▶ _Exercise directions_
From the listing below, copy only the lines from the line that contains "real) \<Rightarrow> (nat" to the line that contains "A) = dim_col", counting those two lines as part of the copy.

START Extracted data

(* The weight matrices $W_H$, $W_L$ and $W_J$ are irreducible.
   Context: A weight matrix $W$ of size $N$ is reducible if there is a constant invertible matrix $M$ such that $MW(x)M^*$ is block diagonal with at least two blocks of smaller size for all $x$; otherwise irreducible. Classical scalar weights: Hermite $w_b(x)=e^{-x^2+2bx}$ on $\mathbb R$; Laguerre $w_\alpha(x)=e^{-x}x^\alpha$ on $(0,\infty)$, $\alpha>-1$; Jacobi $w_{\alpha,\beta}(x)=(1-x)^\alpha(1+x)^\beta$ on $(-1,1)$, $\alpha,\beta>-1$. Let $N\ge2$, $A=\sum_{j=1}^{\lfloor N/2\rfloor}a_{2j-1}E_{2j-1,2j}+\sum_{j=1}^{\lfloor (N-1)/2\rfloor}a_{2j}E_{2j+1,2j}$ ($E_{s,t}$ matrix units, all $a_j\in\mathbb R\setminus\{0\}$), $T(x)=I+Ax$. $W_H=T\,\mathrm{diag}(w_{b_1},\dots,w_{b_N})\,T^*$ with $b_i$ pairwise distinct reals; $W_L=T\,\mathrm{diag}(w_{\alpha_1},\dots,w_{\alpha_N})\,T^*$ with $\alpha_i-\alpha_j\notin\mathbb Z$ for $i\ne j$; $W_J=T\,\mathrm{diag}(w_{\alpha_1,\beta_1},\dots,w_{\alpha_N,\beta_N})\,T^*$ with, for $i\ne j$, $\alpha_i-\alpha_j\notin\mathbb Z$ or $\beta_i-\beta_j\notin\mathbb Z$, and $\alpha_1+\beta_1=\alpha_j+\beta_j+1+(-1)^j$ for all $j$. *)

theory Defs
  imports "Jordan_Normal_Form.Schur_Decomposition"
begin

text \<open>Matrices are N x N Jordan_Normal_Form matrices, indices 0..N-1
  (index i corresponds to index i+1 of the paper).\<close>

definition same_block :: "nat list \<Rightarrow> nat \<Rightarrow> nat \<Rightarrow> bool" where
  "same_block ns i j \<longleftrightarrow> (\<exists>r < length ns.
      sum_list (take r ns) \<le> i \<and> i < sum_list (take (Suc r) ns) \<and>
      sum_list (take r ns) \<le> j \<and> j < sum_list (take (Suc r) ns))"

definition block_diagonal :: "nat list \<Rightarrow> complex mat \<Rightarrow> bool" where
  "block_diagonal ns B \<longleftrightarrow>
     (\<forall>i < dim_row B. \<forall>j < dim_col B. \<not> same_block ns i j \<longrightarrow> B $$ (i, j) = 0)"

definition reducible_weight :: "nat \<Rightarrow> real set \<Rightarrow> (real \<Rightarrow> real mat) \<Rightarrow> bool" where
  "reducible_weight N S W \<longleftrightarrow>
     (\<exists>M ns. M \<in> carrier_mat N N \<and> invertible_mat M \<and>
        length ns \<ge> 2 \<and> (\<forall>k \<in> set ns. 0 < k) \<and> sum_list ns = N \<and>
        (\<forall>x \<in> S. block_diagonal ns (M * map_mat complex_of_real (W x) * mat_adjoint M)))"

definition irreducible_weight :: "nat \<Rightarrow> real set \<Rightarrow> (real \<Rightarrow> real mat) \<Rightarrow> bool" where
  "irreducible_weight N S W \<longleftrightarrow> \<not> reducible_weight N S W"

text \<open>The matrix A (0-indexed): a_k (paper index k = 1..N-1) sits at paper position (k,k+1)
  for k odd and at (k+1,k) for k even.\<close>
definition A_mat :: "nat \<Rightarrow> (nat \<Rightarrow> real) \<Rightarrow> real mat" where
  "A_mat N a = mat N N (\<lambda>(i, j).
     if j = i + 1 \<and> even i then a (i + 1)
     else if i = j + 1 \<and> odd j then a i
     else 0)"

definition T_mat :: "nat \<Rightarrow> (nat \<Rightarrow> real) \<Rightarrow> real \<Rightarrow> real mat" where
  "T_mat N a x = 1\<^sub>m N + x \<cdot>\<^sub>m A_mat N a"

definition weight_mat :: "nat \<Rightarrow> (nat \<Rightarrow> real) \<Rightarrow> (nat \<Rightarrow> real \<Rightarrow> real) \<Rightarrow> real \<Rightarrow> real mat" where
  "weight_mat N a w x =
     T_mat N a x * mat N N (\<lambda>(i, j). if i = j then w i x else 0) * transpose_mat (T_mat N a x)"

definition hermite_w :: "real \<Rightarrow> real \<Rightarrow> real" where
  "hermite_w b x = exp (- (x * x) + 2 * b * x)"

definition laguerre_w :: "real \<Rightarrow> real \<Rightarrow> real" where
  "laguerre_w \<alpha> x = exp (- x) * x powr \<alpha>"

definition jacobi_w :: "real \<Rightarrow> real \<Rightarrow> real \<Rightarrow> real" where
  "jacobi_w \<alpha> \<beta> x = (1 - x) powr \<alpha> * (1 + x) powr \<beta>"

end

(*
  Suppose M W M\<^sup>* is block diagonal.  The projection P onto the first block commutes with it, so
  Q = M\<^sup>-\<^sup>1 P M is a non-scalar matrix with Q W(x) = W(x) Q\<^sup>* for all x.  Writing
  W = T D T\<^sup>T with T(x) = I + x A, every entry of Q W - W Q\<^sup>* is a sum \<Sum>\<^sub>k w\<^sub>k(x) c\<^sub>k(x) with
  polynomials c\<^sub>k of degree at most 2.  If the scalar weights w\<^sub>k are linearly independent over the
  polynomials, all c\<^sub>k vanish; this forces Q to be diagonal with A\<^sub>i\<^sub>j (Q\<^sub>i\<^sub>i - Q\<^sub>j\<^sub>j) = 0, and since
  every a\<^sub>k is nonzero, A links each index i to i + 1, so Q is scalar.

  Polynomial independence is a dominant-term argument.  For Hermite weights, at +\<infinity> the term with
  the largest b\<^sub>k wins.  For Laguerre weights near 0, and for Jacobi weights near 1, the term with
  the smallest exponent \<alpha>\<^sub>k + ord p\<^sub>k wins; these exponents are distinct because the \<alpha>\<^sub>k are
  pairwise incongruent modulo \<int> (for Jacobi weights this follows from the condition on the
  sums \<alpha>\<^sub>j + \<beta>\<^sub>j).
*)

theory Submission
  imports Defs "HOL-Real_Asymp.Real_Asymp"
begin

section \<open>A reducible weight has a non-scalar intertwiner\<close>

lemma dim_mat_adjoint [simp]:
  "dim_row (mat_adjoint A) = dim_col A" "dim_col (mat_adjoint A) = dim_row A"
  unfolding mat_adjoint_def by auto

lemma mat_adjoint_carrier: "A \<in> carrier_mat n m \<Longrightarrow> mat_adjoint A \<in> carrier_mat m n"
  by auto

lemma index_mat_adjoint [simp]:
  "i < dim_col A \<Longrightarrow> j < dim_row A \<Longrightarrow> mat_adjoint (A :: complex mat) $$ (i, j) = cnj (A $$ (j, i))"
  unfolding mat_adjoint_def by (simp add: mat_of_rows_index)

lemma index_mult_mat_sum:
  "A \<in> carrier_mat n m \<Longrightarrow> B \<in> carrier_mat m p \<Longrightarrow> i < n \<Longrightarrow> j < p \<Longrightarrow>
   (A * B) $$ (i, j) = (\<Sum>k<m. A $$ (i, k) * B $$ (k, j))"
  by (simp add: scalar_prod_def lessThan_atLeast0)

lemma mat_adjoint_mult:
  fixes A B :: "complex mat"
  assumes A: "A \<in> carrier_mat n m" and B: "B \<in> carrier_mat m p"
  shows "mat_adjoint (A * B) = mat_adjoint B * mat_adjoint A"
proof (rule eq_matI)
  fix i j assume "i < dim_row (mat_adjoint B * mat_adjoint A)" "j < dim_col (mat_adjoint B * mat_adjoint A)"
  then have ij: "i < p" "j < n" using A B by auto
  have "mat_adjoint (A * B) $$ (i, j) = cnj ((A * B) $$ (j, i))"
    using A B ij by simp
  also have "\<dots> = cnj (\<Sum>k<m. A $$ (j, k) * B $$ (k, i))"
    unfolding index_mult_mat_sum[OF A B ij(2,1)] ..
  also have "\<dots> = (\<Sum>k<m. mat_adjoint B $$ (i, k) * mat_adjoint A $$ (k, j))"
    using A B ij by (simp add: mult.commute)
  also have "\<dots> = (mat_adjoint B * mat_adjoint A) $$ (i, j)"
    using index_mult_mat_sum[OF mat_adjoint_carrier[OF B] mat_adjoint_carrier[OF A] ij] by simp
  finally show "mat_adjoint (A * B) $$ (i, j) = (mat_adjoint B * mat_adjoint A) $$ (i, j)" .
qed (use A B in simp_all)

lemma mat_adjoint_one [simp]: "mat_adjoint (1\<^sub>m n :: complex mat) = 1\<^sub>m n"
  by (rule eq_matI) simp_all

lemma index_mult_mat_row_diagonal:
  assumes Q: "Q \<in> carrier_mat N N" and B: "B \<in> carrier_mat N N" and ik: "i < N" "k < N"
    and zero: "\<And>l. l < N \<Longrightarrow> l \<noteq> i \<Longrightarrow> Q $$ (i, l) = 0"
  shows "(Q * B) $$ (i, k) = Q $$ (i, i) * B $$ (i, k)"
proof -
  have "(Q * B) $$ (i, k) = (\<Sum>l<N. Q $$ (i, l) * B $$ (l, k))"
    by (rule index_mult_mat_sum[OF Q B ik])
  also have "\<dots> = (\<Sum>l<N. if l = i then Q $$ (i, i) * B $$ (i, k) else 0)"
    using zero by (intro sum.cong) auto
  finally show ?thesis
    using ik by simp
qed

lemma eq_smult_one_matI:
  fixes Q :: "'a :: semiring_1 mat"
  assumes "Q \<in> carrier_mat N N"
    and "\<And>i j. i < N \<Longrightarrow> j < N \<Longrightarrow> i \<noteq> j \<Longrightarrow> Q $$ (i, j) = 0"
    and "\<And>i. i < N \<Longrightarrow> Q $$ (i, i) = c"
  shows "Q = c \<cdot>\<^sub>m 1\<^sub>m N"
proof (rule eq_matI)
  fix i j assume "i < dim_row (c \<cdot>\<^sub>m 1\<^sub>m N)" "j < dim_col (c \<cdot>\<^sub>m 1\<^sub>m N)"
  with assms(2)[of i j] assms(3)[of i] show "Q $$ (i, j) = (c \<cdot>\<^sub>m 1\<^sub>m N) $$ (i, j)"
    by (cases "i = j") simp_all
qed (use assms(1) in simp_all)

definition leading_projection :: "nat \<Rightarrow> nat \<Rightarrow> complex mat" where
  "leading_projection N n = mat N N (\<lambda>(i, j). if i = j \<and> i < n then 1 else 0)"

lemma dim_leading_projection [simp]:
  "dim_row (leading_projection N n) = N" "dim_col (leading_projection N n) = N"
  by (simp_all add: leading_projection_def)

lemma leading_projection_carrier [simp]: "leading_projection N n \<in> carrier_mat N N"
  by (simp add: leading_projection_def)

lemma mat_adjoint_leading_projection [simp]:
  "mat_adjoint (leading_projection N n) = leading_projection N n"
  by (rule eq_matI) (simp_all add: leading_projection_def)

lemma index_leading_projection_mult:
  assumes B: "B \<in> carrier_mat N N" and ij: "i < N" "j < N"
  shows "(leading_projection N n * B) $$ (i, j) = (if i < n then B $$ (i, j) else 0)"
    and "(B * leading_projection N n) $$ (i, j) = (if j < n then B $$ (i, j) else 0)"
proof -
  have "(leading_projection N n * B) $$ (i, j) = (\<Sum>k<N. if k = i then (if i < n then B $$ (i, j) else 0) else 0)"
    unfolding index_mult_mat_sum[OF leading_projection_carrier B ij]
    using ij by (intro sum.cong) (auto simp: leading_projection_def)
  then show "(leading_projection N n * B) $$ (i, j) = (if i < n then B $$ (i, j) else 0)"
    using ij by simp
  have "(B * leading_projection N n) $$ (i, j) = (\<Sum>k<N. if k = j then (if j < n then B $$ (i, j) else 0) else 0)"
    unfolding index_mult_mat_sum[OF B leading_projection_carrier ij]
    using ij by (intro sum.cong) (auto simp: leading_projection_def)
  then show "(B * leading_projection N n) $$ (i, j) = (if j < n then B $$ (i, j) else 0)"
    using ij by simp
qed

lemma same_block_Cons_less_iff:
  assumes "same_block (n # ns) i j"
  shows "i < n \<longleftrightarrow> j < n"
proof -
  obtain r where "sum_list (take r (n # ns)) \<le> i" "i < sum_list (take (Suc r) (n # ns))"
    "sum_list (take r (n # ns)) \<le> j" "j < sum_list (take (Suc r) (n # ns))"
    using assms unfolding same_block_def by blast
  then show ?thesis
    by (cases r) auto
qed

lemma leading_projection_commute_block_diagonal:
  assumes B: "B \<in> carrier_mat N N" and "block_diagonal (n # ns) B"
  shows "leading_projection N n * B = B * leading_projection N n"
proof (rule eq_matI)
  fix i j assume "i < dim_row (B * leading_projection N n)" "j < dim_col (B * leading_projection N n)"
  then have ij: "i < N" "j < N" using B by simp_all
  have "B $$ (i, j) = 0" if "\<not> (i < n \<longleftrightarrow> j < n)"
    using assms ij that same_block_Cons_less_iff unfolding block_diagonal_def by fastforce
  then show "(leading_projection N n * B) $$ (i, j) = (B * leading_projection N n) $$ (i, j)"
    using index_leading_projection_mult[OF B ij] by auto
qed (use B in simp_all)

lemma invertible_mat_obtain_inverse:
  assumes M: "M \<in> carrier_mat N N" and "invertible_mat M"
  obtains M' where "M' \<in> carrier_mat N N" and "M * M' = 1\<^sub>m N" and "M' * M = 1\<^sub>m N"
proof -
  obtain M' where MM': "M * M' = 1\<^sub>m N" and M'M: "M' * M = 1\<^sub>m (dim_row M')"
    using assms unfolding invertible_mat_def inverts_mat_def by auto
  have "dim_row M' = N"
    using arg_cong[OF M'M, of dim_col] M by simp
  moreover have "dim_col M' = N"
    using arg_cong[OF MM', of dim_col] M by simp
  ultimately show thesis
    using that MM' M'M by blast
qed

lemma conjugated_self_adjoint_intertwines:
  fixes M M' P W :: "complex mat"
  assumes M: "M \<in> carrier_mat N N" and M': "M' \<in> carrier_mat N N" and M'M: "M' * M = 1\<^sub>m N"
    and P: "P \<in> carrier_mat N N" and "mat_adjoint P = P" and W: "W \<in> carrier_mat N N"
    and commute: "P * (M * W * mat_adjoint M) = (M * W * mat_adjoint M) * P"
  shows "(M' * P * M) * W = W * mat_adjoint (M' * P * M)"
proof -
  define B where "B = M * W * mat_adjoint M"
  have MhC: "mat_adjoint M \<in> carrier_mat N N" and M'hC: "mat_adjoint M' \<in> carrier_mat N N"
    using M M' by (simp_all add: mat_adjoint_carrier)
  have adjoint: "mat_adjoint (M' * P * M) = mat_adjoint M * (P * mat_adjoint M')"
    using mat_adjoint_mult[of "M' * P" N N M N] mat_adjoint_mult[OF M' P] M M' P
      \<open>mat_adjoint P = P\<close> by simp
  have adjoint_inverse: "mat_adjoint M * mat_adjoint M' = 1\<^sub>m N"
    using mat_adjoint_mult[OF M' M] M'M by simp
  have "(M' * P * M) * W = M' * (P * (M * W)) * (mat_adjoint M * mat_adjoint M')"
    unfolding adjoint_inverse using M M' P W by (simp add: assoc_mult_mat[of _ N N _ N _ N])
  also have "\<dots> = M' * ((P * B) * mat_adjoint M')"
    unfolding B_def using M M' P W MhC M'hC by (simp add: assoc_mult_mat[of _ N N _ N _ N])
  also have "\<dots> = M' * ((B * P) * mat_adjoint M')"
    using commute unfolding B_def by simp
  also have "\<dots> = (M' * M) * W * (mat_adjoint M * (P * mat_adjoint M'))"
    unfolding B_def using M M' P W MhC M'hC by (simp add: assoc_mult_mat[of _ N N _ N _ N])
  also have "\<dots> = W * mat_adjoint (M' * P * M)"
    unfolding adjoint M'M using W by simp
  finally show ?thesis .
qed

END Extracted data

▶ _Answer to this task_
definition weight_mat :: "nat \<Rightarrow> (nat \<Rightarrow> real) \<Rightarrow> (nat \<Rightarrow> real \<Rightarrow> real) \<Rightarrow> real \<Rightarrow> real mat" where
  "weight_mat N a w x =
     T_mat N a x * mat N N (\<lambda>(i, j). if i = j then w i x else 0) * transpose_mat (T_mat N a x)"

definition hermite_w :: "real \<Rightarrow> real \<Rightarrow> real" where
  "hermite_w b x = exp (- (x * x) + 2 * b * x)"

definition laguerre_w :: "real \<Rightarrow> real \<Rightarrow> real" where
  "laguerre_w \<alpha> x = exp (- x) * x powr \<alpha>"

definition jacobi_w :: "real \<Rightarrow> real \<Rightarrow> real \<Rightarrow> real" where
  "jacobi_w \<alpha> \<beta> x = (1 - x) powr \<alpha> * (1 + x) powr \<beta>"

end

(*
  Suppose M W M\<^sup>* is block diagonal.  The projection P onto the first block commutes with it, so
  Q = M\<^sup>-\<^sup>1 P M is a non-scalar matrix with Q W(x) = W(x) Q\<^sup>* for all x.  Writing
  W = T D T\<^sup>T with T(x) = I + x A, every entry of Q W - W Q\<^sup>* is a sum \<Sum>\<^sub>k w\<^sub>k(x) c\<^sub>k(x) with
  polynomials c\<^sub>k of degree at most 2.  If the scalar weights w\<^sub>k are linearly independent over the
  polynomials, all c\<^sub>k vanish; this forces Q to be diagonal with A\<^sub>i\<^sub>j (Q\<^sub>i\<^sub>i - Q\<^sub>j\<^sub>j) = 0, and since
  every a\<^sub>k is nonzero, A links each index i to i + 1, so Q is scalar.

  Polynomial independence is a dominant-term argument.  For Hermite weights, at +\<infinity> the term with
  the largest b\<^sub>k wins.  For Laguerre weights near 0, and for Jacobi weights near 1, the term with
  the smallest exponent \<alpha>\<^sub>k + ord p\<^sub>k wins; these exponents are distinct because the \<alpha>\<^sub>k are
  pairwise incongruent modulo \<int> (for Jacobi weights this follows from the condition on the
  sums \<alpha>\<^sub>j + \<beta>\<^sub>j).
*)

theory Submission
  imports Defs "HOL-Real_Asymp.Real_Asymp"
begin

section \<open>A reducible weight has a non-scalar intertwiner\<close>

lemma dim_mat_adjoint [simp]:
  "dim_row (mat_adjoint A) = dim_col A" "dim_col (mat_adjoint A) = dim_row A"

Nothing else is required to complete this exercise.